GOVERNMENT SURVEILLANCE: U.S. HAS LONG HISTORY OF WATCHING WHITE HOUSE CRITICS AND JOURNALISTS - Newsweek
Newsweek published this story about a presidential commission report on the C.I.A.'s domestic activities under the headline of “Who's Watching Whom” on June 23, 1975. In light of recent events, Newsweek is republishing the story.
Properly cautious in its restraint, frustratingly spotty in its detail and with a tone predictably more defensive than damning, the Rockfeller commission's long-awaited report on the CIA is clearly no whitewash. It does pull some punches, not always identifying responsible CIA officials or their prime domestic "targets," and accepting with apparent equanimity the absence or admitted destruction of important evidence.
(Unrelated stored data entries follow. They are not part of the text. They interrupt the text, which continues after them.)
lemma norming_real_functional:
  fixes z :: "'a::real_normed_vector"
  obtains f where "\<And>x y. f (x + y) = f x + f y" "\<And>r x. f (r *\<^sub>R x) = r * f x"
    "\<And>x. \<bar>f x\<bar> \<le> norm x" "f z = norm z"
proof (cases "z = 0")
  case True
  then show thesis by (intro that[of "\<lambda>_. 0"]) simp_all
next
  case False
  let ?\<G> = "{G. norm_bounded_linear_graph G \<and> (z, norm z) \<in> G}"
  have "\<exists>M\<in>?\<G>. \<forall>G\<in>?\<G>. M \<subseteq> G \<longrightarrow> G = M"
  proof (rule subset_Zorn_nonempty)
    show "?\<G> \<noteq> {}"
      using norm_bounded_linear_graph_line[OF False] by (force intro: range_eqI[of _ _ 1])
    show "\<Union>C \<in> ?\<G>" if "C \<noteq> {}" "subset.chain ?\<G> C" for C
      using that norm_bounded_linear_graph_Union_chain[OF that(1)]
      unfolding subset_chain_def by blast
  qed
  then obtain M where M: "norm_bounded_linear_graph M" "(z, norm z) \<in> M"
    and maximal: "\<And>G. norm_bounded_linear_graph G \<Longrightarrow> M \<subseteq> G \<Longrightarrow> G = M"
    by blast
  note graph = norm_bounded_linear_graphD[OF M(1)]
  have "x \<in> Domain M" for x
    using norm_bounded_linear_graph_extend[OF M(1), of x] maximal M(2) by blast
  then have in_M: "(x, THE a. (x, a) \<in> M) \<in> M" for x
    by (metis DomainE graph(2) theI)
  have eq: "(THE a. (x, a) \<in> M) = a" if "(x, a) \<in> M" for x a
    using graph(2)[OF in_M that] .
  show thesis
  proof (rule that[of "\<lambda>x. THE a. (x, a) \<in> M"])
    show "(THE a. (x + y, a) \<in> M) = (THE a. (x, a) \<in> M) + (THE a. (y, a) \<in> M)" for x y
      using eq[OF graph(3)[OF in_M in_M]] .
    show "(THE a. (r *\<^sub>R x, a) \<in> M) = r * (THE a. (x, a) \<in> M)" for r x
      using eq[OF graph(4)[OF in_M]] .
    show "\<bar>THE a. (x, a) \<in> M\<bar> \<le> norm x" for x
      using graph(5)[OF in_M, of x] graph(5)[OF graph(4)[OF in_M[of x], of "- 1"]] by simp
    show "(THE a. (z, a) \<in> M) = norm z"
      using eq[OF M(2)] .
  qed
qed

lemma scaleC_zero_right: "c *\<^sub>C (0::'a::complex_banach_algebra_1) = 0"
  using scaleC_add_right[of c 0 0] by simp

lemma scaleC_minus_one: "(- 1) *\<^sub>C (x::'a::complex_banach_algebra_1) = - x"
  using scaleR_scaleC[of "- 1" x] by simp

lemma scaleC_Re_Im: "c *\<^sub>C (x::'a::complex_banach_algebra_1) = Re c *\<^sub>R x + Im c *\<^sub>R (\<i> *\<^sub>C x)"
proof -
  have "c = complex_of_real (Re c) + complex_of_real (Im c) * \<i>"
    by (simp add: complex_eq_iff)
  then have "c *\<^sub>C x = complex_of_real (Re c) *\<^sub>C x + (complex_of_real (Im c) * \<i>) *\<^sub>C x"
    by (metis scaleC_add_left)
  then show ?thesis
    by (simp add: scaleR_scaleC scaleC_scaleC)
qed

text \<open>Complexification: \<open>\<phi> x = f x - \<i> f (\<i> x)\<close>.\<close>

lemma cdual_separates_points:
  fixes z :: "'a::complex_banach_algebra_1"
  assumes "z \<noteq> 0"
  shows "\<exists>\<phi>\<in>cdual. \<phi> z \<noteq> 0"
proof -
  obtain f where f_add: "\<And>x y. f (x + y) = f x + f y" and f_scaleR: "\<And>r x. f (r *\<^sub>R x) = r * f x"
    and f_bound: "\<And>x. \<bar>f x\<bar> \<le> norm x" and f_z: "f z = norm z"
    using norming_real_functional[of z] by blast
  have f_scaleC: "f (c *\<^sub>C x) = Re c * f x + Im c * f (\<i> *\<^sub>C x)" for c x
    unfolding scaleC_Re_Im[of c x] by (simp add: f_add f_scaleR)
  have f_ii: "f (\<i> *\<^sub>C (\<i> *\<^sub>C x)) = - f x" for x
  proof -
    have "\<i> *\<^sub>C (\<i> *\<^sub>C x) = (- 1) *\<^sub>R x"
      by (simp add: scaleC_scaleC scaleC_minus_one)
    then show ?thesis
      using f_scaleR[of "- 1" x] by simp
  qed
  define \<phi> where "\<phi> x = Complex (f x) (- f (\<i> *\<^sub>C x))" for x
  have "\<phi> \<in> cdual"
    unfolding cdual_def
  proof (intro CollectI conjI allI)
    show "\<phi> (x + y) = \<phi> x + \<phi> y" for x y
      unfolding \<phi>_def by (simp add: scaleC_add_right f_add complex_eq_iff)
    show "\<phi> (c *\<^sub>C x) = c * \<phi> x" for c x
    proof -
      have "\<i> *\<^sub>C (c *\<^sub>C x) = c *\<^sub>C (\<i> *\<^sub>C x)"
        by (simp add: scaleC_scaleC mult.commute)
      then have "f (\<i> *\<^sub>C (c *\<^sub>C x)) = Re c * f (\<i> *\<^sub>C x) - Im c * f x"
        using f_scaleC[of c "\<i> *\<^sub>C x"] f_ii[of x] by simp
      then show ?thesis
        unfolding \<phi>_def using f_scaleC[of c x] by (simp add: complex_eq_iff algebra_simps)
    qed
    show "\<exists>K. \<forall>x. cmod (\<phi> x) \<le> K * norm x"
    proof (intro exI allI)
      fix x
      have "cmod (\<phi> x) \<le> \<bar>f x\<bar> + \<bar>f (\<i> *\<^sub>C x)\<bar>"
        using cmod_le[of "\<phi> x"] by (simp add: \<phi>_def)
      also have "\<dots> \<le> norm x + norm (\<i> *\<^sub>C x)"
        using f_bound by (intro add_mono)
      also have "\<dots> = 2 * norm x"
        by (simp add: norm_scaleC)
      finally show "cmod (\<phi> x) \<le> 2 * norm x" .
    qed
  qed
  moreover have "\<phi> z \<noteq> 0"
    unfolding \<phi>_def using f_z assms by (simp add: complex_eq_iff)
  ultimately show ?thesis by blast
qed
lemma Dcat_tan_Dpows: "pre_dseq X f \<Longrightarrow> tan (Dcat X) (Dpows f) = Dpows (tan X f)"
proof (rule ext)
  fix n assume p: "pre_dseq X f"
  let ?p0 = "Pnarr X n (cpi0 X (sdom X f) (sdom X f))"
  have "tan (Dcat X) (Dpows f) n = spair X (scomp X (lift ?p0) ((Dseq ^^ n) f)) ((Dseq ^^ Suc n) f)"
    using p by (simp add: tan_def sdom_Dpows scod_Dpows Dcat_pi_lift Dcat_Pnarr_lift del: Dcat_sel funpow.simps)
      (simp add: Dcat_sel_unlifted)
  also have "\<dots> = spair X (lact X ?p0 ((Dseq ^^ n) f)) ((Dseq ^^ Suc n) f)"
    using p unfolding lift_def by (subst scomp_lift_left) simp_all
  also have "\<dots> = (Dseq ^^ n) (tan X f)"
    using p by (simp add: tan_spair Dpow_spair Dpow_lact funpow_swap1)
  finally show "tan (Dcat X) (Dpows f) n = Dpows (tan X f) n" .
qed

lemma Dcat_tanpow_Dpows: "pre_dseq X f \<Longrightarrow> (tan (Dcat X) ^^ k) (Dpows f) = Dpows ((tan X ^^ k) f)"
  by (induct k) (simp_all add: Dcat_tan_Dpows del: Dcat_sel)

lemma Dpows_scomp:
  "pre_dseq X f \<Longrightarrow> Dpows (scomp X f g) = scomp (Dcat X) (Dpows f) (Dpows g)"
  by (rule ext) (simp add: Dpow_scomp scomp_def[of "Dcat X"] Dcat_tanpow_Dpows)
But the report also acknowledges serious violations of criminal law and congressional authority in the CIA's use of bugs, break-ins and wiretaps, the interception of mail and telephone communications, Secret experiments with drugs - and an ominous array of projects that fished for and filed away information on law-abiding U.S. citizens.
The report's most jolting disclosure is the story of Operation CHAOS and associated CIA snooping on domestic dissidents that flowered under the demands of Presidents Lyndon Johnson and Richard Nixon. Both Presidents wanted to know more about the racial and antiwar disturbances that swept the nation in the late 1960s, and particularly whether the activists received foreign support or direction.Increasingly aggressive efforts by CIA undercover agents and analysts never turned up evidence of significant foreign influence, according to the Rockfeller report, but they did amass "a veritable mountain of material" on the doings of American dissidents.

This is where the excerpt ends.